Design space exploration of an optimized compiler approach

157

Grigoris Dimitroulakos is a PhD candidate at Electrical and Computer Engineering Department of Patras University. He received his Physics Degree in 1999 and the MSE in Electronics in 2001 from the Physics Department. He has been working towards his PhD degree at the Electrical and Computer Engineering Department of Patras University since 2001. His research interests are in the area of compilers, reconfigurable computing, and the optimization of embedded systems on chip. He has authored or co-authored more than 40 scientific articles in conferences and Journals in the area of his research.

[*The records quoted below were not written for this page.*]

(* Let $n\ge1$, $k\ge1$, and let $((i_1\,j_1),\dots,(i_k\,j_k))\in(\mathsf T_n)^k$ (with $i_l<j_l$ for all $l$) satisfy $i_1\le i_2\le\dots\le i_k$. The following are equivalent: 1. $((i_1\,j_1),\dots,(i_k\,j_k))\in\Sigma_n(k)$. 2. For all $l,m\in\{1,\dots,k\}$ with $l<m$, either $j_l\le i_m$ or $j_l>j_m$.
   Context: Let $n\ge1$. $\mathfrak S_n$ is the symmetric group on $\{1,\dots,n\}$; products of permutations are composed from right to left. $\mathsf T_n$ denotes the set of transpositions; a transposition is always written $(i\,j)$ with $i<j$. For $\sigma\in\mathfrak S_n$, $\ell(\sigma)$ is the number of cycles of $\sigma$ (fixed points counted) and $|\sigma|=n-\ell(\sigma)$. Write $\sigma_1\preccurlyeq\sigma_2$ iff $|\sigma_2|=|\sigma_1|+|\sigma_1^{-1}\sigma_2|$. For $k\ge0$, $\Sigma_n(k)=\{(\tau_1,\dots,\tau_k)\in(\mathsf T_n)^k : |\tau_1\cdots\tau_k|=k,\ \tau_1\cdots\tau_k\preccurlyeq(1\,2\,\dots\,n)\}$. *)

theory Defs
  imports "HOL-Combinatorics.Combinatorics"
begin

text \<open>Permutations of {1..n} are represented as functions nat => nat (identity outside {1..n}).
  Products compose right to left, i.e. sigma1 sigma2 = sigma1 o sigma2.\<close>

definition is_transp :: "nat \<Rightarrow> nat \<times> nat \<Rightarrow> bool" where
  "is_transp n t \<longleftrightarrow> 1 \<le> fst t \<and> fst t < snd t \<and> snd t \<le> n"

definition transp_perm :: "nat \<times> nat \<Rightarrow> nat \<Rightarrow> nat" where
  "transp_perm t = transpose (fst t) (snd t)"

definition prod_transps :: "(nat \<times> nat) list \<Rightarrow> nat \<Rightarrow> nat" where
  "prod_transps ts = foldr (\<lambda>t acc. transp_perm t \<circ> acc) ts id"

definition num_cycles :: "nat \<Rightarrow> (nat \<Rightarrow> nat) \<Rightarrow> nat" where
  "num_cycles n \<sigma> = card (orbit \<sigma> ` {1..n})"

definition perm_len :: "nat \<Rightarrow> (nat \<Rightarrow> nat) \<Rightarrow> nat" where
  "perm_len n \<sigma> = n - num_cycles n \<sigma>"

definition perm_le :: "nat \<Rightarrow> (nat \<Rightarrow> nat) \<Rightarrow> (nat \<Rightarrow> nat) \<Rightarrow> bool" where
  "perm_le n \<sigma>1 \<sigma>2 \<longleftrightarrow> perm_len n \<sigma>2 = perm_len n \<sigma>1 + perm_len n (inv \<sigma>1 \<circ> \<sigma>2)"

definition long_cycle :: "nat \<Rightarrow> nat \<Rightarrow> nat" where
  "long_cycle n i = (if 1 \<le> i \<and> i < n then i + 1 else if i = n then 1 else i)"

definition Sigma_n :: "nat \<Rightarrow> nat \<Rightarrow> (nat \<times> nat) list set" where
  "Sigma_n n k = {ts. length ts = k \<and> (\<forall>t\<in>set ts. is_transp n t)
       \<and> perm_len n (prod_transps ts) = k
       \<and> perm_le n (prod_transps ts) (long_cycle n)}"

end

theory Submission
  imports Defs
begin

(* Let c = (1 2 \<dots> n) and P = \<tau>\<^sub>1 \<cdots> \<tau>\<^sub>k. Counting cycles, the tuple lies in \<Sigma>\<^sub>n(k) iff P has n - k cycles
   and P\<inverse> c = \<tau>\<^sub>k \<cdots> \<tau>\<^sub>1 c has k + 1 cycles. Composing with a transposition (a b) merges the
   cycles of a and b if they differ, and never adds more than one cycle.
   As long as the intervals [i\<^sub>l, j\<^sub>l) are pairwise nested or disjoint, the cycles of
   \<tau>\<^sub>m \<cdots> \<tau>\<^sub>1 c are the classes of points lying in the same intervals [i\<^sub>l, j\<^sub>l), l \<le> m, each
   traversed in increasing cyclic order; so every further \<tau>\<^sub>m\<^sub>+\<^sub>1 splits a cycle, giving k + 1
   cycles at the end, while P is built by merges because \<tau>\<^sub>2 \<cdots> \<tau>\<^sub>k preserves [i\<^sub>1, j\<^sub>1).
   If the condition first fails at \<tau>\<^sub>m\<^sub>+\<^sub>1, then i\<^sub>m\<^sub>+\<^sub>1 and j\<^sub>m\<^sub>+\<^sub>1 lie in different cycles, that step
   merges, and \<tau>\<^sub>k \<cdots> \<tau>\<^sub>1 c ends up with fewer than k + 1 cycles. *)

section \<open>Composing a permutation with a transposition\<close>

lemma orbit_eq_if_mem:
  assumes "permutation f" "y \<in> orbit f x"
  shows "orbit f y = orbit f x"
  using orbit_cyclic_eq3[OF cyclic_on_orbit'[OF assms(1)] assms(2)] .

lemma orbit_transpose_comp_eq:
  assumes perm: "permutation \<sigma>" and x: "x \<notin> orbit \<sigma> a" "x \<notin> orbit \<sigma> b"
  shows "orbit (transpose a b \<circ> \<sigma>) x = orbit \<sigma> x"
proof (rule orbit_cong)
  show "x \<in> orbit \<sigma> x" using permutation_self_in_orbit[OF perm] .
  fix s assume "s \<in> orbit \<sigma> x"
  then have s: "\<sigma> s \<in> orbit \<sigma> x" by (rule orbit.step)
  have "\<sigma> s \<noteq> c" if "c \<in> {a, b}" for c
    using orbit_eq_if_mem[OF perm s] permutation_self_in_orbit[OF perm, of x] x that by auto
  then show "(transpose a b \<circ> \<sigma>) s = \<sigma> s" by simp
qed

lemma orbit_subset_orbits_transpose_comp:
  assumes perm': "permutation (transpose a b \<circ> \<sigma>)"
  shows "orbit \<sigma> a \<subseteq> orbit (transpose a b \<circ> \<sigma>) a \<union> orbit (transpose a b \<circ> \<sigma>) b"
proof
  let ?\<sigma>' = "transpose a b \<circ> \<sigma>"
  have endpoints: "c \<in> orbit ?\<sigma>' a \<union> orbit ?\<sigma>' b" if "c \<in> {a, b}" for c
    using that permutation_self_in_orbit[OF perm'] by auto
  fix z assume "z \<in> orbit \<sigma> a"
  then show "z \<in> orbit ?\<sigma>' a \<union> orbit ?\<sigma>' b"
  proof induction
    case base
    show ?case
    proof (cases "\<sigma> a \<in> {a, b}")
      case False
      then have "?\<sigma>' a = \<sigma> a" by simp
      then show ?thesis by (metis UnI1 orbit.base)
    qed (rule endpoints)
  next
    case (step z)
    show ?case
    proof (cases "\<sigma> z \<in> {a, b}")
      case False
      then have "?\<sigma>' z = \<sigma> z" by simp
      then show ?thesis using step.IH by (metis Un_iff orbit.step)
    qed (rule endpoints)
  qed
qed

lemma mem_orbit_transpose_comp:
  assumes perm: "permutation \<sigma>" and b: "b \<notin> orbit \<sigma> a"
  shows "b \<in> orbit (transpose a b \<circ> \<sigma>) a"
proof -
  let ?\<sigma>' = "transpose a b \<circ> \<sigma>"
  have bij: "bij \<sigma>" using perm permutation_bijective by blast
  define p where "p = inv \<sigma> a"
  have \<sigma>p: "\<sigma> p = a" unfolding p_def using bij by (simp add: bij_is_surj surj_f_inv_f)
  have "p \<in> orbit \<sigma> a"
    using orbit_inv_eq[OF perm, of a] orbit.base[of "inv \<sigma>" a] by (simp add: p_def)
  define j where "j = funpow_dist \<sigma> a p"
  have "(\<sigma> ^^ i) a \<noteq> p" if "i < j" for i
    using funpow_dist_least that by (simp add: j_def)
  \<comment> \<open>up to the preimage p of a, the path from a avoids a and b, so \<sigma>' follows \<sigma>\<close>
  then have agree: "(?\<sigma>' ^^ i) a = (\<sigma> ^^ i) a" if "i \<le> j" for i
    using that
  proof (induction i)
    case (Suc i)
    have "\<sigma> ((\<sigma> ^^ i) a) \<noteq> a"
      using Suc.prems \<sigma>p bij by (metis Suc_le_lessD bij_pointE)
    moreover have "\<sigma> ((\<sigma> ^^ i) a) \<noteq> b"
      using b funpow_in_orbit[OF orbit.base[of \<sigma> a], of i] by (auto simp: funpow_swap1)
    ultimately show ?case using Suc by simp
  qed simp
  have "(?\<sigma>' ^^ Suc j) a = b"
    using agree[of j] funpow_dist_prop[OF \<open>p \<in> orbit \<sigma> a\<close>] \<sigma>p by (simp add: j_def)
  then show ?thesis unfolding orbit_altdef by (intro CollectI exI[of _ "Suc j"]) simp
qed

lemma orbits_transpose_comp_subset:
  assumes perm: "permutation \<sigma>" and perm': "permutation (transpose a b \<circ> \<sigma>)"
  shows "orbit (transpose a b \<circ> \<sigma>) ` S \<subseteq>
    orbit \<sigma> ` (S - (orbit \<sigma> a \<union> orbit \<sigma> b)) \<union>
    {orbit (transpose a b \<circ> \<sigma>) a, orbit (transpose a b \<circ> \<sigma>) b}"
proof
  let ?\<sigma>' = "transpose a b \<circ> \<sigma>"
  fix Y assume "Y \<in> orbit ?\<sigma>' ` S"
  then obtain x where x: "x \<in> S" "Y = orbit ?\<sigma>' x" by blast
  show "Y \<in> orbit \<sigma> ` (S - (orbit \<sigma> a \<union> orbit \<sigma> b)) \<union> {orbit ?\<sigma>' a, orbit ?\<sigma>' b}"
  proof (cases "x \<in> orbit \<sigma> a \<union> orbit \<sigma> b")
    case True
    have "orbit \<sigma> b \<subseteq> orbit ?\<sigma>' b \<union> orbit ?\<sigma>' a"
      using orbit_subset_orbits_transpose_comp[of b a \<sigma>] perm' by (simp add: transpose_commute)
    then have "x \<in> orbit ?\<sigma>' a \<union> orbit ?\<sigma>' b"
      using True orbit_subset_orbits_transpose_comp[OF perm'] by blast
    then show ?thesis using x orbit_eq_if_mem[OF perm'] by blast
  next
    case False
    then show ?thesis using x orbit_transpose_comp_eq[OF perm] by auto
  qed
qed

lemma card_orbits_transpose_comp_le:
  assumes perm: "\<sigma> permutes S" and fin: "finite S" and ab: "a \<in> S" "b \<in> S"
  shows "card (orbit (transpose a b \<circ> \<sigma>) ` S) \<le> card (orbit \<sigma> ` S) + 1"
proof -
  let ?\<sigma>' = "transpose a b \<circ> \<sigma>"
  define X where "X = orbit \<sigma> ` (S - (orbit \<sigma> a \<union> orbit \<sigma> b))"
  have perm\<sigma>: "permutation \<sigma>" and perm\<sigma>': "permutation ?\<sigma>'"
    using perm permutes_compose[OF perm permutes_swap_id[OF ab]] fin
    by (auto simp: permutation_permutes)
  have new: "orbit \<sigma> a \<notin> X"
    unfolding X_def using permutation_self_in_orbit[OF perm\<sigma>] by auto
  have "insert (orbit \<sigma> a) X \<subseteq> orbit \<sigma> ` S"
    using ab unfolding X_def by auto
  from card_mono[OF _ this] have "card X + 1 \<le> card (orbit \<sigma> ` S)"
    using fin new by (simp add: X_def)
  moreover have "card (orbit ?\<sigma>' ` S) \<le> card X + 2"
  proof -
    have "card (orbit ?\<sigma>' ` S) \<le> card (X \<union> {orbit ?\<sigma>' a, orbit ?\<sigma>' b})"
      using orbits_transpose_comp_subset[OF perm\<sigma> perm\<sigma>', of S] fin
      by (intro card_mono) (auto simp: X_def)
    also have "\<dots> \<le> card X + card {orbit ?\<sigma>' a, orbit ?\<sigma>' b}" by (rule card_Un_le)
    also have "\<dots> \<le> card X + 2" by (simp add: card_insert_le_m1)
    finally show ?thesis .
  qed
  ultimately show ?thesis by linarith
qed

Michalis D. Galanis was born in March 14, 1979 in Patras, Greece. He received BSc in Physics from the Department of Physics of University of Patras in 2000. From the Electronics Laboratory of the same department he received MSc in Electronics in 2002. Since October 2002 he has been working towards a PhD degree in the domain of Reconfigurable Computing at the VLSI Design Laboratory of the Department of Electrical and Computer Engineering. He receives since 2003, a scholarship for his PhD studies from the Alexander S. Onassis Public Benefit Foundation, for his excellent academic studies in past years. Until now, he has authored or co-authored 40 research works, presented (or to be appeared) in international conferences and journals.

Costas E. Goutis was a Research Assistant and Research Fellow in the Department of Electrical and Electronic Engineering, University of Strathclyde, Strathclyde, U.K., from 1976 to 1979, and Lecturer in the Department of Electrical and Electronic Engineering, University of Newcastle upon Tyne, U.K., from 1979 to 1985. Since 1985, he has been an Associate Professor and Full Professor in the Department of Electrical and Computer Engineering, University of Patras, Patras, Greece. His recent research interests focus on VLSI circuit design, low-power VLSI design, systems design, analysis and design of systems for signal processing, telecommunications, memory management, and reconfigurable computing. He has been awarded a large number of Research Contracts from ESPRIT, RACE, and National Programs. Prof. Goutis has authored or co-authored more than 200 scientific articles, book chapters, tutorials and reports, in the areas of his research.